(Stored items)

━━━━━━━━━━━━━━━━━━━━

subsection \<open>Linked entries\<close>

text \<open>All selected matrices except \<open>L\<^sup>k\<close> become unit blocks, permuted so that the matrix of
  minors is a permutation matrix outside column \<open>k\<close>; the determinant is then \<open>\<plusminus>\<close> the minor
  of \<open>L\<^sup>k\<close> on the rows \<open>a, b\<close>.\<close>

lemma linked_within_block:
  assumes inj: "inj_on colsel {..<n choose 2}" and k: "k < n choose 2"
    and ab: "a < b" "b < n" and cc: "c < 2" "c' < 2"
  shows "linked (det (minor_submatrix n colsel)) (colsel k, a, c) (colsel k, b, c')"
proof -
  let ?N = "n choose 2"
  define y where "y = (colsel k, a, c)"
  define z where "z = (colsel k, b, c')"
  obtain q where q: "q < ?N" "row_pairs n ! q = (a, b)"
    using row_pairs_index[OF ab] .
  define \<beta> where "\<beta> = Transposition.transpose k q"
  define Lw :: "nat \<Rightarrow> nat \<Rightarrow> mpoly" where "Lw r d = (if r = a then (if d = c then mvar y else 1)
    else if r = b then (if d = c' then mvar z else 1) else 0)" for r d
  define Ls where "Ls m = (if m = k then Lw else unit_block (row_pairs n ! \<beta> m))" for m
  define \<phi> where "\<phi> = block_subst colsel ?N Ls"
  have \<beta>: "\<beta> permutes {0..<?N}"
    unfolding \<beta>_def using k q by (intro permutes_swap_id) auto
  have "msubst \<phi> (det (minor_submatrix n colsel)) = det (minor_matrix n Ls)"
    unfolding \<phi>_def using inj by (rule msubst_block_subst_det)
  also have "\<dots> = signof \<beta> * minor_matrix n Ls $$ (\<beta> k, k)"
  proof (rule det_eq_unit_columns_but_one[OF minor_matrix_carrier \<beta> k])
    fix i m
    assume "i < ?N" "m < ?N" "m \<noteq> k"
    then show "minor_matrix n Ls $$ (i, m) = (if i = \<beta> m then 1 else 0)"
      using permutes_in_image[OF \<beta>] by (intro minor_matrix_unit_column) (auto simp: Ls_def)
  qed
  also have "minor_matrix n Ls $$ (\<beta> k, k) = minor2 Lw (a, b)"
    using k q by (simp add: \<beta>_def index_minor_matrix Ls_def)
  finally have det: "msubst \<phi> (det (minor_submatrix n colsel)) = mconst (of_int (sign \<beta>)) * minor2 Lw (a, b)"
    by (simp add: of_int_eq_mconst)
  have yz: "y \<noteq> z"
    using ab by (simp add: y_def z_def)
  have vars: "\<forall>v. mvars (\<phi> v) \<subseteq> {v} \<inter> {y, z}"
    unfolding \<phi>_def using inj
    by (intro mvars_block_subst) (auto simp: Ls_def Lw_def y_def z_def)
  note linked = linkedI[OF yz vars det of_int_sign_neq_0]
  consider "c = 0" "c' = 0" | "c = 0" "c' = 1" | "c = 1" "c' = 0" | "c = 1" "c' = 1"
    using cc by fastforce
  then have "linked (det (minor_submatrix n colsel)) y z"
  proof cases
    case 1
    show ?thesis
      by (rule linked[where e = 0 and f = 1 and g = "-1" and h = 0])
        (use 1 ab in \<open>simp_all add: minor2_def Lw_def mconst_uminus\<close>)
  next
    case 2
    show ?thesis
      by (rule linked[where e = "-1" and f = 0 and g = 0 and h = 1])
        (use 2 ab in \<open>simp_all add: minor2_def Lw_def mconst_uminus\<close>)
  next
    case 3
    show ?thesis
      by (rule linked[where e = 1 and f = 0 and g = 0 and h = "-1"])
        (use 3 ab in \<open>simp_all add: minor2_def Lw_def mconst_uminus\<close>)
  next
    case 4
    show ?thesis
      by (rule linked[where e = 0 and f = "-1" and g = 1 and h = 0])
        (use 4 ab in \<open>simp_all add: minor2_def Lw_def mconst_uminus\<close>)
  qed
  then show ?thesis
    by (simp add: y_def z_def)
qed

━━━━━━━━━━━━━━━━━━━━

▸ **ABOUT THIS EXERCISE**
Report each line of the data that includes the string "intro".

▸ **THE ANSWER**
    unfolding \<beta>_def using k q by (intro permutes_swap_id) auto
      using permutes_in_image[OF \<beta>] by (intro minor_matrix_unit_column) (auto simp: Ls_def)
    by (intro mvars_block_subst) (auto simp: Ls_def Lw_def y_def z_def)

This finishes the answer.